Stored data
+ + + +

lemma is_walk_shortcut:
  assumes "\<And>a b w. (a, b, w) \<in> W' \<Longrightarrow> \<exists>p. is_walk W a p b \<and> walk_weight p \<le> w"
  shows "is_walk W' a es b \<Longrightarrow> \<exists>es'. is_walk W a es' b \<and> walk_weight es' \<le> walk_weight es"
proof (induction es arbitrary: a)
  case Nil
  then show ?case by (intro exI[of _ "[]"]) simp
next
  case (Cons e es)
  obtain a' w where e: "e = (a, a', w)" "e \<in> W'" and rest: "is_walk W' a' es b"
    using Cons.prems by (cases e) auto
  obtain p where p: "is_walk W a p a'" "walk_weight p \<le> w"
    using assms e by blast
  obtain es' where es': "is_walk W a' es' b" "walk_weight es' \<le> walk_weight es"
    using Cons.IH[OF rest] by blast
  show ?case
    using p es' e by (intro exI[of _ "p @ es'"]) (auto simp: is_walk_append)
qed

lemma wdist_eq_if_shortcut:
  assumes sub: "W \<subseteq> W'" and nonneg: "\<forall>e\<in>W'. 0 \<le> snd (snd e)"
    and reach: "\<exists>es. is_walk W x es y"
    and shortcut: "\<And>a b w. (a, b, w) \<in> W' \<Longrightarrow> \<exists>p. is_walk W a p b \<and> walk_weight p \<le> w"
  shows "wdist W x y = wdist W' x y"
proof -
  define S where "S = {walk_weight es | es. is_walk W x es y}"
  define S' where "S' = {walk_weight es | es. is_walk W' x es y}"
  have "S \<noteq> {}" using reach unfolding S_def by blast
  have "S \<subseteq> S'" unfolding S_def S'_def using is_walk_mono[OF sub] by blast
  have "bdd_below S" unfolding S_def using nonneg sub by (intro bdd_below_walk_weights) blast
  have "bdd_below S'" unfolding S'_def using nonneg by (rule bdd_below_walk_weights)
  have "Inf S' \<le> Inf S" using \<open>S \<noteq> {}\<close> \<open>bdd_below S'\<close> \<open>S \<subseteq> S'\<close> by (rule cInf_superset_mono)
  moreover have "Inf S \<le> Inf S'"
  proof (rule cInf_greatest)
    show "S' \<noteq> {}" using \<open>S \<noteq> {}\<close> \<open>S \<subseteq> S'\<close> by blast
    fix s assume "s \<in> S'"
    then obtain es where "is_walk W' x es y" "s = walk_weight es" unfolding S'_def by blast
    then obtain es' where "is_walk W x es' y" "walk_weight es' \<le> s"
      using is_walk_shortcut[OF shortcut] by blast
    then show "Inf S \<le> s"
      using cInf_lower[OF _ \<open>bdd_below S\<close>, of "walk_weight es'"] unfolding S_def by force
  qed
  ultimately show ?thesis unfolding wdist_def S_def S'_def by simp
qed

lemma walk_weight_igraph: "is_walk (igraph V) a es b \<Longrightarrow> walk_weight es = real (length es)"
  by (induction es arbitrary: a) (auto simp: igraph_def)

lemma igraph_weights_nonneg: "\<forall>e\<in>igraph V. 0 \<le> snd (snd e)"
  by (auto simp: igraph_def)

lemma is_walk_igraph_rev:
  "is_walk (igraph V) a es b \<Longrightarrow> is_walk (igraph V) b (map (\<lambda>(p, q, w). (q, p, w)) (rev es)) a"
  by (induction es arbitrary: a) (auto simp: is_walk_append igraph_def)

lemma wdist_igraph_le_length:
  "is_walk (igraph V) a es b \<Longrightarrow> wdist (igraph V) a b \<le> real (length es)"
  using wdist_le_walk_weight[OF igraph_weights_nonneg] walk_weight_igraph by metis
(* Let $m\in\mathbf{N}$ and let $n\le5$ be a positive integer. If $\mathcal{P}$ is a closed set family of shape $(m^n)$, then $\mathcal{P}$ has type $(m^n)\star\nu$ for some partition $\nu$ of $n-1$ with at most $m$ parts.
   Context: Majorization: for $m$-subsets $X=\{x_1<\dots<x_m\}$, $Y=\{y_1<\dots<y_m\}$ of $\mathbf{N}$, $X\preceq Y$ if $x_i\le y_i$ for all $i$. A set family of shape $(m^n)$ is a collection of $n$ distinct $m$-subsets of $\mathbf{N}$; it is closed if $Y$ in it and $X\preceq Y$ imply $X$ in it; it has type $\lambda$ (largest part $a$, conjugate $\lambda'$) if for each $i\in\{1,\dots,a\}$ exactly $\lambda'_i$ of its sets contain $i$ (closed set families always have a type). For a partition $\nu$ of $n-1$ with $k\le m$ parts, $(m^n)\star\nu$ is the partition obtained from the Young diagram of $(m^n)$ by, for each $1\le i\le k$, deleting $\nu_i$ boxes (from the bottom) of column $m+1-i$ and adding $\nu_i$ boxes to row $i$. *)

theory Defs
  imports Main
begin

definition m_subset :: "nat \<Rightarrow> nat set \<Rightarrow> bool" where
  "m_subset m X \<longleftrightarrow> finite X \<and> card X = m \<and> 0 \<notin> X"

definition majorized :: "nat set \<Rightarrow> nat set \<Rightarrow> bool" where
  "majorized X Y \<longleftrightarrow> finite X \<and> finite Y \<and> card X = card Y \<and>
     (\<forall>i < card X. sorted_list_of_set X ! i \<le> sorted_list_of_set Y ! i)"

definition set_family :: "nat \<Rightarrow> nat \<Rightarrow> nat set set \<Rightarrow> bool" where
  "set_family m n P \<longleftrightarrow> finite P \<and> card P = n \<and> (\<forall>X\<in>P. m_subset m X)"

definition closed_family :: "nat \<Rightarrow> nat set set \<Rightarrow> bool" where
  "closed_family m P \<longleftrightarrow> (\<forall>Y\<in>P. \<forall>X. m_subset m X \<and> majorized X Y \<longrightarrow> X \<in> P)"

definition nat_partition :: "nat list \<Rightarrow> nat \<Rightarrow> bool" where
  "nat_partition p N \<longleftrightarrow> sorted_wrt (\<ge>) p \<and> 0 \<notin> set p \<and> sum_list p = N"

text \<open>The i-th part (1-indexed), zero beyond the number of parts.\<close>
definition part :: "nat list \<Rightarrow> nat \<Rightarrow> nat" where
  "part p i = (if 1 \<le> i \<and> i \<le> length p then p ! (i - 1) else 0)"

definition conj_part :: "nat list \<Rightarrow> nat \<Rightarrow> nat" where
  "conj_part p j = length (filter (\<lambda>x. j \<le> x) p)"

definition largest_part :: "nat list \<Rightarrow> nat" where
  "largest_part p = (if p = [] then 0 else Max (set p))"

definition has_type :: "nat set set \<Rightarrow> nat list \<Rightarrow> bool" where
  "has_type P lam \<longleftrightarrow>
     (\<forall>i\<in>{1..largest_part lam}. card {S\<in>P. i \<in> S} = conj_part lam i)"

text \<open>(m^n) \<star> nu: column j (1..m) of (m^n) has length n; column m+1-i loses
nu_i boxes (for i \<le> k; nu_i = 0 for i > k), and row i gains nu_i boxes.
Row r of the result has length #{j \<in> 1..m. r \<le> n - nu_(m+1-j)} + nu_r,
for r = 1..n (rows beyond n are empty since nu has fewer than n parts).\<close>
definition star :: "nat \<Rightarrow> nat \<Rightarrow> nat list \<Rightarrow> nat list" where
  "star m n nu = filter (\<lambda>x. 0 < x)
     (map (\<lambda>r. card {j\<in>{1..m}. r \<le> n - part nu (m + 1 - j)} + part nu r) [1..<n+1])"

end

theory Submission imports Defs begin

text \<open>Majorization is tested by the counting functions \<open>t \<mapsto> #{x \<in> X. x \<le> t}\<close>.
A closed family contains \<open>{1..m}\<close>; with at most five members, every other member is a
single swap \<open>({1..m} - {a}) \<union> {b}\<close> with \<open>a \<le> m < b\<close>, because a member with two elements
above \<open>m\<close> majorizes four distinct swaps, giving six members. The swaps of a closed family
form a down-set for the order "\<open>a\<close> larger, \<open>b\<close> smaller", so for each \<open>a\<close> the admissible
\<open>b\<close> form an interval \<open>{m<..m + row_len a}\<close> with \<open>row_len\<close> weakly increasing. Then
\<open>\<nu>\<^sub>i = row_len (m + 1 - i)\<close> is a partition of \<open>n - 1\<close>, the element \<open>i \<le> m\<close> lies in
\<open>n - row_len i\<close> members, \<open>m + c\<close> lies in \<open>#{a. c \<le> row_len a}\<close> members, and these are the column
lengths of \<open>(m\<^sup>n) \<star> \<nu>\<close>.\<close>

definition count_upto :: "nat set \<Rightarrow> nat \<Rightarrow> nat" where
  "count_upto X t = card {x\<in>X. x \<le> t}"

lemma sorted_list_nth_le_iff_less_count_upto:
  assumes "finite X" "i < card X"
  shows "sorted_list_of_set X ! i \<le> t \<longleftrightarrow> i < count_upto X t"
proof -
  define s where "s = sorted_list_of_set X"
  have len: "length s = card X" and dist: "distinct s" and srt: "sorted s" and st: "set s = X"
    using assms(1) by (auto simp: s_def)
  have fin: "finite {x\<in>X. x \<le> t}" using assms(1) by auto
  show ?thesis
  proof
    assume h: "sorted_list_of_set X ! i \<le> t"
    have "(\<lambda>j. s!j) ` {..i} \<subseteq> {x\<in>X. x \<le> t}"
    proof
      fix x assume "x \<in> (\<lambda>j. s!j) ` {..i}"
      then obtain j where j: "j \<le> i" "x = s!j" by auto
      have "s!j \<le> s!i" using sorted_nth_mono[OF srt j(1)] assms(2) len by simp
      moreover have "s!j \<in> X" using st j assms(2) len by (metis le_less_trans nth_mem)
      ultimately show "x \<in> {x\<in>X. x \<le> t}" using j h s_def by auto
    qed
    moreover have "inj_on (\<lambda>j. s!j) {..i}"
      using dist assms(2) len by (auto simp: inj_on_def nth_eq_iff_index_eq)
    ultimately have "card {..i} \<le> count_upto X t" unfolding count_upto_def
      by (metis card_image card_mono fin)
    then show "i < count_upto X t" by simp
  next
    assume h: "i < count_upto X t"
    show "sorted_list_of_set X ! i \<le> t"
    proof (rule ccontr)
      assume "\<not> ?thesis"
      hence gt: "t < s!i" by (simp add: s_def)
      have "{x\<in>X. x \<le> t} \<subseteq> (\<lambda>j. s!j) ` {..<i}"
      proof
        fix x assume x: "x \<in> {x\<in>X. x \<le> t}"
        then obtain j where j: "j < length s" "x = s!j" using st by (auto simp: in_set_conv_nth)
        have "j < i"
        proof (rule ccontr)
          assume "\<not> j < i"
          hence "s!i \<le> s!j" using sorted_nth_mono[OF srt] j by simp
          thus False using gt x j by simp
        qed
        thus "x \<in> (\<lambda>j. s!j) ` {..<i}" using j by auto
      qed
      hence "count_upto X t \<le> card ((\<lambda>j. s!j) ` {..<i})"
        unfolding count_upto_def by (simp add: card_mono)
      also have "\<dots> \<le> i" using card_image_le[of "{..<i}"] by simp
      finally show False using h by simp
    qed
  qed
qed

+ + + +

Find the count of lines in the data above where the word "longleftrightarrow" occurs, and write down only that count.

# Answer below:
7